The Centre for Population Health (CPH) at the Macfarlane Burnet Institute for Medical Research and Public Health conducted the Melbourne arm of the 2009 IDRS study between June and September 2009. The project consisted of:
a structured survey of 150 current IDU recruited from a number of sites across the metropolitan Melbourne area;
semi-structured interviews with 30 KE from a variety of professional settings, selected according to their knowledge about illicit drug use, and level of contact with illicit drug users during the six months preceding the survey; and
analysis of secondary indicator data.
Data collected via these three methods were analysed in order to identify illicit drugrelated trends in Melbourne for the 2008/2009 financial year. Where appropriate, these data were also compared to findings from the 1997-2008 IDRS studies.
Key changes detected in the 2009 IDRS were:
A greater percentage of participants reported methamphetamine to be their drug of choice compared with 2008 (20% compared with 11%, respectively) which may explain the decrease in frequency of heroin use reported by the 2009 sample.

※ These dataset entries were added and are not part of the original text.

theorem corollary1:
  fixes c :: "real^'n" and K :: nat
    and D :: "nat \<Rightarrow> 'i set" and C :: "nat \<Rightarrow> 'i \<Rightarrow> (real^'n) set"
    and lam :: "nat \<Rightarrow> real^'n"
  assumes "K \<ge> 2"
    and "\<forall>k\<in>{1..K}. finite (D k)"
    and "\<forall>k\<in>{1..K}. \<forall>i\<in>D k. compact (C k i) \<and> convex (C k i)"
    and "optimal_hull_multipliers c K (\<lambda>k. \<Union>i\<in>D k. C k i) lam"
  shows "hull_relax c {1..K-1}
           (\<lambda>k. if k = K - 1 then (\<Union>i\<in>D (K-1). C (K-1) i) \<inter> (\<Union>j\<in>D K. C K j)
                 else (\<Union>i\<in>D k. C k i))
         - hull_relax c {1..K} (\<lambda>k. \<Union>i\<in>D k. C k i)
       \<ge> part_relax (\<lambda>k. \<Union>i\<in>D k. C k i) {1..K-1}
           (\<lambda>p. if p = K - 1 then {K-1, K} else {p})
           (\<lambda>p. if p = K - 1 then lam (K-1) + lam K else lam p)
         - lagr_relax c K (\<lambda>k. \<Union>i\<in>D k. C k i) lam
     \<and> part_relax (\<lambda>k. \<Union>i\<in>D k. C k i) {1..K-1}
           (\<lambda>p. if p = K - 1 then {K-1, K} else {p})
           (\<lambda>p. if p = K - 1 then lam (K-1) + lam K else lam p)
         - lagr_relax c K (\<lambda>k. \<Union>i\<in>D k. C k i) lam \<ge> 0"
proof -
  define F where "F = (\<lambda>k. \<Union>i\<in>D k. C k i)"
  define J where "J = (\<lambda>p::nat. if p = K - 1 then {K-1, K} else {p})"
  define mu where "mu = (\<lambda>p. if p = K - 1 then lam (K-1) + lam K else lam p)"
  have F_compact: "\<forall>k\<in>{1..K}. compact (F k)"
    using assms(2,3) by (auto simp: F_def)
  have J_partition: "\<forall>p\<in>{1..K-1}. finite (J p)" "disjoint_family_on J {1..K-1}"
    "(\<Union>p\<in>{1..K-1}. J p) = {1..K}" "\<forall>p\<in>{1..K-1}. mu p = (\<Sum>k\<in>J p. lam k)"
    using assms(1) by (auto simp: J_def mu_def disjoint_family_on_def)
  have merged: "(\<lambda>p. \<Inter>k\<in>J p. F k) = (\<lambda>k. if k = K - 1 then F (K-1) \<inter> F K else F k)"
    by (rule ext) (simp add: J_def)
  note bounds = partition_relaxation_bounds[OF F_compact assms(4)[folded F_def] finite_atLeastAtMost
      J_partition]
  have "\<bar>hull_relax c {1..K} F\<bar> \<noteq> \<infinity>"
    using assms(4)[folded F_def] unfolding optimal_hull_multipliers_def by (rule conjunct1)
  from ereal_diff_chain[OF this bounds[unfolded merged]] show ?thesis
    unfolding F_def J_def mu_def .
qed

end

Differing patterns of use of the three main types of amphetamines were noted, with speed use remaining stable, crystal methamphetamine use continuing to decline, and base use increasing following two years of decline.
A significant decrease in the percentage of participants reporting daily cannabis use compared with the 2008 sample.
Changing patterns of benzodiazepine use, with reports of recent benzodiazepine use at the highest level since the withdrawal of Temazepam gel capsules from the market in 2004.